そして妊婦にあなたはどういう麻酔薬を選択するだろうか?

そして何本まで麻酔を行っていいのだろうか?

全て答えられるだろうか?

と言えば、

保険医では無理

である。

科学よりも金銭を重んじている人々には一生理解できない話だろう。

話を戻そう。

VPTを理解する上で重要なのは歯髄の構造の違いである。

詳細は難解な本として著名なDental Pulpにある。

下の絵が意味するところは何だっただろうか?

この絵が示すことは、

年齢に抗う治療を施すことはできない

という客観的な事実である。

この話をしていると、

俺は違う

俺はできる

俺はそうは考えない

という頭の硬い人に出会うことが多い。

そのような人には以下の文献を読むことを勧めよう。

Koopaeei 2016 General dentists’, pediatric dentists’, and endodontists’ diagnostic assessment and treatment strategies for deep carious lesions: A comparative analysis

それはあなたがそれでいいならそれでもいいが、それが患者利益を反することになる可能性が高いことが書かれている。

このことを注視しなくてはならない。

学んだことの違いが臨床に如実に表されるのがこの治療の特徴だ。

が、それでも老年者でも成功している!という文献もある!という人もいる。

それに対する答えは以下である。

が、日本の現状は多くの場合成人の虫歯の治療でVPTを施している。

ではその成功率はどれくらいだろうか?

この文献でのFull Caries Excavationというのは、露髄しないように全てのカリエスを除去するという治療方法である。
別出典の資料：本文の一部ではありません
lemma nonneg_op_sqrt_exists:
  assumes V: "cbounded (V::'a::chilbert \<Rightarrow> 'a)" "nonneg_op V"
  obtains R where "cbounded R" "nonneg_op R" "\<And>x. R (R x) = V x"
    "\<And>F x. cbounded F \<Longrightarrow> (\<And>y. F (V y) = V (F y)) \<Longrightarrow> F (R x) = R (F x)"
proof -
  obtain K where K: "K > 0" "\<And>x. norm (V x) \<le> K * norm x" using cbounded_posE[OF V(1)] by blast
  have lin: "clinear_on UNIV V" using V(1) by (rule cbounded_clinear)
  define T where "T x = x - (1/K) *\<^sub>R V x" for x
  interpret c: hermitian_contraction T
    unfolding T_def by (rule hermitian_contraction_one_minus[OF V K])
  define R where "R x = sqrt K *\<^sub>R c.sqrt_one_minus x" for x
  show ?thesis
  proof
    show "cbounded R"
    proof (rule cbounded_intro)
      show "clinear_on UNIV R"
        by (rule clinearI) (simp_all add: R_def clinear_add[OF c.clinear_sqrt_one_minus]
            clinear_scaleC[OF c.clinear_sqrt_one_minus] scaleR_add_right scaleC_scaleR_commute)
      show "norm (R x) \<le> (sqrt K * 2) * norm x" for x
        using c.norm_sqrt_one_minus_le[of x] K(1) by (simp add: R_def mult_left_mono mult.assoc)
    qed
    show "nonneg_op R"
      using c.nonneg_op_sqrt_one_minus K(1) by (auto simp: nonneg_op_def R_def cinner_scaleR_right)
    show "R (R x) = V x" for x
      using K(1) by (simp add: R_def clinear_scaleR[OF c.clinear_sqrt_one_minus] c.sqrt_one_minus_square T_def)
    show "F (R x) = R (F x)" if F: "cbounded F" and commute: "\<And>y. F (V y) = V (F y)" for F x
    proof -
      have "F (T y) = T (F y)" for y
        using commute by (simp add: T_def clinear_simps[OF cbounded_clinear[OF F]])
      thus ?thesis
        using c.sqrt_one_minus_commute[OF F] by (simp add: R_def clinear_scaleR[OF cbounded_clinear[OF F]])
    qed
  qed
qed

text \<open>With \<open>y = (S - S') x\<close>, \<open>(S + S') y = 0\<close> forces \<open>S y = S' y = 0\<close>, so
  \<open>\<parallel>y\<parallel>\<^sup>2 = \<langle>x, (S - S') y\<rangle> = 0\<close>.\<close>

lemma nonneg_op_sqrt_unique:
  assumes S: "cbounded (S::'a::chilbert \<Rightarrow> 'a)" "nonneg_op S" and S': "cbounded S'" "nonneg_op S'"
    and square: "\<And>x. S (S x) = S' (S' x)" and commute: "\<And>x. S (S' x) = S' (S x)"
  shows "S = S'"
proof
  fix x
  have l: "clinear_on UNIV S" "clinear_on UNIV S'" using S S' by (auto simp: cbounded_clinear)
  define y where "y = S x - S' x"
  have "S y + S' y = 0"
    unfolding y_def by (simp add: clinear_diff[OF l(1)] clinear_diff[OF l(2)] square commute)
  hence "cinner y (S y) + cinner y (S' y) = 0"
    using cinner_add_right[of y "S y" "S' y"] by simp
  hence "Re (cinner y (S y)) + Re (cinner y (S' y)) = 0"
    by (metis plus_complex.sel(1) zero_complex.sel(1))
  hence "Re (cinner y (S y)) = 0" "Re (cinner y (S' y)) = 0"
    using add_nonneg_eq_0_iff[OF nonneg_op_cinner_nonneg[OF S(2)] nonneg_op_cinner_nonneg[OF S'(2)]]
    by auto
  hence "S y = 0" "S' y = 0"
    using nonneg_op_eq_0_if_form_eq_0[OF l(1) S(2), of y] nonneg_op_eq_0_if_form_eq_0[OF l(2) S'(2), of y]
    by auto
  moreover have "cinner y y = cinner x (S y - S' y)"
    by (simp add: y_def cinner_diff_left cinner_diff_right clinear_diff[OF l(1)] clinear_diff[OF l(2)]
        nonneg_op_cinner_commute[OF l(1) S(2)] nonneg_op_cinner_commute[OF l(2) S'(2)])
  ultimately have "y = 0" by simp
  thus "S x = S' x" by (simp add: y_def)
qed
(* For $n\ge 0$ let $P^{(2)}_n(z_1,z_2)=\sum_{\pi} z_1^{a_1(\pi)}z_2^{a_2(\pi)}$, the sum over all multiset set-partitions $\pi$ of the multiset $\{1^2,2^2,\dots,n^2\}$ (each of $1,\dots,n$ appearing exactly twice); in particular $P^{(2)}_0=1$. Let $D_1=\partial/\partial z_1$, $D_2=\partial/\partial z_2$ and let $\mathcal{D}_2$ be the partial differential operator $$\mathcal{D}_2= z_2D_2+\tfrac12 z_1^4D_2^2+z_1^3D_1D_2+\tfrac12 z_1^2D_1^2+z_1^3D_2+z_1^2D_1+z_2 ,$$ where each term acts by first applying the indicated derivatives and then multiplying by the indicated monomial. Then for all $n\ge1$, $$P^{(2)}_n(z_1,z_2)=\mathcal{D}_2\,P^{(2)}_{n-1}(z_1,z_2).$$ Consequently the number of multiset set-partitions of $\{1^2,\dots,n^2\}$ equals $P^{(2)}_n(1,1)$.
   Context: A multiset set-partition of a finite multiset $M$ is a finite multiset of nonempty sets (ordinary sets, no repeated elements inside a set) whose multiset union equals $M$; the same set may occur several times in the partition, and the partition is unordered. For a multiset set-partition $\pi$ and $i\ge1$, $a_i(\pi)$ denotes the number of distinct sets that occur in $\pi$ exactly $i$ times. *)

theory Defs
  imports "HOL-Analysis.Analysis" "HOL-Library.Multiset"
begin

definition mset_set_partitions :: "'a multiset \<Rightarrow> 'a set multiset set" where
  "mset_set_partitions M =
     {\<pi>. (\<forall>S \<in># \<pi>. S \<noteq> {} \<and> finite S) \<and> sum_mset (image_mset mset_set \<pi>) = M}"

definition mult_count :: "nat \<Rightarrow> 'a set multiset \<Rightarrow> nat" where
  "mult_count i \<pi> = card {S \<in> set_mset \<pi>. count \<pi> S = i}"

definition double_mset :: "nat \<Rightarrow> nat multiset" where
  "double_mset n = (\<Sum>i\<in>{1..n}. {#i, i#})"

definition P2 :: "nat \<Rightarrow> real \<Rightarrow> real \<Rightarrow> real" where
  "P2 n z1 z2 = (\<Sum>\<pi>\<in>mset_set_partitions (double_mset n).
                   z1 ^ mult_count 1 \<pi> * z2 ^ mult_count 2 \<pi>)"

definition D2op :: "(real \<Rightarrow> real \<Rightarrow> real) \<Rightarrow> real \<Rightarrow> real \<Rightarrow> real" where
  "D2op f z1 z2 =
      z2 * deriv (\<lambda>t. f z1 t) z2
    + (1/2) * z1 ^ 4 * deriv (\<lambda>t. deriv (\<lambda>s. f z1 s) t) z2
    + z1 ^ 3 * deriv (\<lambda>u. deriv (\<lambda>t. f u t) z2) z1
    + (1/2) * z1 ^ 2 * deriv (\<lambda>u. deriv (\<lambda>v. f v z2) u) z1
    + z1 ^ 3 * deriv (\<lambda>t. f z1 t) z2
    + z1 ^ 2 * deriv (\<lambda>u. f u z2) z1
    + z2 * f z1 z2"
lemma Tbar_poly_deriv_Suc_eq:
  "(1 + t\<^sup>2) * Tbar_poly_deriv (Suc r) (Suc N) t
     = - Tbar_poly r N t + (-1) ^ N * t ^ (2 * N - r) * Tbar_coeff_sum r N"
proof (induction N)
  case 0
  then show ?case by (simp add: Tbar_poly_def Tbar_poly_deriv_def Tbar_coeff_sum_def)
next
  case (Suc N)
  show ?case
  proof (cases "N < r")
    case True
    then have "Tbar_coeff r N = 0" "Tbar_coeff_sum r N = 0" "Tbar_coeff (Suc r) (Suc N) = 0"
      by (auto simp: Tbar_coeff_sum_def Tbar_coeff_eq_0 intro!: sum.neutral)
    then show ?thesis
      using Suc by (simp add: Tbar_poly_def Tbar_poly_deriv_def Tbar_coeff_sum_def del: Tbar_coeff.simps)
  next
    case False
    define k where "k = 2 * N - r"
    have exponents: "2 * Suc N - Suc r = Suc k" "2 * Suc N - Suc (Suc r) = k" "2 * Suc N - r = k + 2"
      using False unfolding k_def by auto
    have coeff: "Tbar_coeff (Suc r) (Suc N) * real (Suc k) = Tbar_coeff_sum r (Suc N)"
      using False unfolding Tbar_coeff_Suc_eq k_def by (simp add: of_nat_diff)
    have "(1 + t\<^sup>2) * Tbar_poly_deriv (Suc r) (Suc (Suc N)) t
        = (1 + t\<^sup>2) * Tbar_poly_deriv (Suc r) (Suc N) t
          + (1 + t\<^sup>2) * ((-1) ^ Suc N * (Tbar_coeff (Suc r) (Suc N) * real (Suc k)) * t ^ k)"
      unfolding Tbar_poly_deriv_def sum.lessThan_Suc[of _ "Suc N"] exponents
      by (simp add: algebra_simps del: of_nat_Suc Tbar_coeff.simps)
    also have "\<dots> = - Tbar_poly r N t + (-1) ^ N * t ^ k * Tbar_coeff_sum r N
          + (1 + t\<^sup>2) * ((-1) ^ Suc N * Tbar_coeff_sum r (Suc N) * t ^ k)"
      using Suc coeff unfolding k_def by simp
    also have "\<dots> = - Tbar_poly r (Suc N) t + (-1) ^ Suc N * t ^ (2 * Suc N - r) * Tbar_coeff_sum r (Suc N)"
      unfolding Tbar_poly_def Tbar_coeff_sum_def sum.lessThan_Suc[of _ N] exponents k_def
      by (simp add: power2_eq_square algebra_simps del: Tbar_coeff.simps)
    finally show ?thesis .
  qed
qed
(* Let $G$ be a graph with no induced $P_7$, $C_4$, $C_6$ or $C_7$, and let $H=(B_1,\dots,B_5)$ be a nice blowup of $C_5$ in $G$. For every $v\in V(G)\setminus V(H)$, the set $\operatorname{supp}(v)$ consists of consecutive integers modulo $5$ and has size in $\{0,1,2,3,5\}$.
   Context: Indices modulo $5$. A nice blowup of $C_5$ is a tuple $(B_1,\dots,B_5)$ of pairwise disjoint cliques such that every vertex of $B_i$ has a neighbor in $B_{i-1}$ and in $B_{i+1}$, $B_i$ is anticomplete to $B_{i+2}$, and there are no $a\in B_i$, distinct $b,c\in B_{i+1}$, $d\in B_{i+2}$ with $G[\{a,b,c,d\}]\cong P_4$. $V(H)=B_1\cup\dots\cup B_5$. For $v\notin V(H)$, $\operatorname{supp}(v)=\{i\in\{1,\dots,5\}: v \text{ has a neighbor in } B_i\}$. *)

theory Defs
  imports Main
begin

definition is_graph :: "'a set \<Rightarrow> ('a \<Rightarrow> 'a \<Rightarrow> bool) \<Rightarrow> bool" where
  "is_graph V E \<longleftrightarrow> finite V \<and> (\<forall>x y. E x y \<longrightarrow> E y x) \<and> (\<forall>x. \<not> E x x)
     \<and> (\<forall>x y. E x y \<longrightarrow> x \<in> V \<and> y \<in> V)"

definition induced_path :: "('a \<Rightarrow> 'a \<Rightarrow> bool) \<Rightarrow> 'a list \<Rightarrow> bool" where
  "induced_path E xs \<longleftrightarrow> distinct xs \<and>
     (\<forall>i<length xs. \<forall>j<length xs. E (xs!i) (xs!j) \<longleftrightarrow> (i + 1 = j \<or> j + 1 = i))"

definition induced_cycle :: "('a \<Rightarrow> 'a \<Rightarrow> bool) \<Rightarrow> 'a list \<Rightarrow> bool" where
  "induced_cycle E xs \<longleftrightarrow> distinct xs \<and> length xs \<ge> 3 \<and>
     (\<forall>i<length xs. \<forall>j<length xs. E (xs!i) (xs!j) \<longleftrightarrow>
        ((i + 1) mod length xs = j \<or> (j + 1) mod length xs = i))"

definition has_induced_P :: "'a set \<Rightarrow> ('a \<Rightarrow> 'a \<Rightarrow> bool) \<Rightarrow> nat \<Rightarrow> bool" where
  "has_induced_P V E k \<longleftrightarrow> (\<exists>xs. set xs \<subseteq> V \<and> length xs = k \<and> induced_path E xs)"

definition has_induced_C :: "'a set \<Rightarrow> ('a \<Rightarrow> 'a \<Rightarrow> bool) \<Rightarrow> nat \<Rightarrow> bool" where
  "has_induced_C V E k \<longleftrightarrow> (\<exists>xs. set xs \<subseteq> V \<and> length xs = k \<and> induced_cycle E xs)"

definition induces_P4 :: "('a \<Rightarrow> 'a \<Rightarrow> bool) \<Rightarrow> 'a set \<Rightarrow> bool" where
  "induces_P4 E S \<longleftrightarrow> (\<exists>xs. set xs = S \<and> length xs = 4 \<and> induced_path E xs)"

definition clique :: "('a \<Rightarrow> 'a \<Rightarrow> bool) \<Rightarrow> 'a set \<Rightarrow> bool" where
  "clique E S \<longleftrightarrow> (\<forall>x\<in>S. \<forall>y\<in>S. x \<noteq> y \<longrightarrow> E x y)"

text \<open>Nice blowup of C5; the bags are indexed by 0..4 (modulo 5), i.e. B i stands for B_{i+1}.\<close>
definition nice_blowup_C5 :: "'a set \<Rightarrow> ('a \<Rightarrow> 'a \<Rightarrow> bool) \<Rightarrow> (nat \<Rightarrow> 'a set) \<Rightarrow> bool" where
  "nice_blowup_C5 V E B \<longleftrightarrow>
     (\<forall>i<5. B i \<subseteq> V \<and> clique E (B i)) \<and>
     (\<forall>i<5. \<forall>j<5. i \<noteq> j \<longrightarrow> B i \<inter> B j = {}) \<and>
     (\<forall>i<5. \<forall>v\<in>B i. (\<exists>u\<in>B ((i + 4) mod 5). E v u) \<and> (\<exists>u\<in>B ((i + 1) mod 5). E v u)) \<and>
     (\<forall>i<5. \<forall>x\<in>B i. \<forall>y\<in>B ((i + 2) mod 5). \<not> E x y) \<and>
     (\<forall>i<5. \<forall>a\<in>B i. \<forall>b\<in>B ((i + 1) mod 5). \<forall>c\<in>B ((i + 1) mod 5). \<forall>d\<in>B ((i + 2) mod 5).
        b \<noteq> c \<longrightarrow> \<not> induces_P4 E {a, b, c, d})"

definition VH :: "(nat \<Rightarrow> 'a set) \<Rightarrow> 'a set" where
  "VH B = (\<Union>i<5. B i)"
虫歯を残すか?残さないかで治療の結果に差が出るか?を検証している。

その結果は以下のようになる。

歯髄を温存させたければComplete ExcavationよりもStepwise(う蝕を残して除去する)の方がいいということがわかる。

積極的に取るよりも保守的に攻めた方が(露髄を避けるように治療した方が)成功率が高い。

次が露髄した場合である。

露髄した場合、Direct Pulp CappingもPartial Pulpotomyも治療の成功率が低いことがわかる。

ということは…

成人の歯で露髄した場合の治療の方法は

根管治療が第1選択になりうる

という事実がわかるだろう。

なぜか?と言えば、根管治療の治療の成功率は90%だからだ。

また、歯髄を保存すると以下のような問題が出る。

生活歯髄療法を成人で行い、露髄し、歯髄を保護したら石灰化というおまけが付く。

その後、こういう問題が出たらあなたはどうするだろうか?

以上のことから何が言えるか?と言えば、

生活歯髄療法を成人に適用すると石灰化し、その治療が失敗するとApicoectomyやIntentional Replantationが必要になる

という事実である。

つまり、

外科治療ができなければ歯内療法はできない

という事実がわかるだろう。

つまり、あなたが成人に生活歯髄療法を行うのであれば、

”外科治療ができるかどうか?が重要である”

という事実が出てくる。

このことを理解している臨床家がどれほどいるだろうか?

この後は各論を説明していった。

それぞれの治療の弱点を記す。

というこでBasic Course 2022 第10回は終了した。

明日以降にAdvanced Course 2022 第8回の模様をお伝えします。

少々お待ちください。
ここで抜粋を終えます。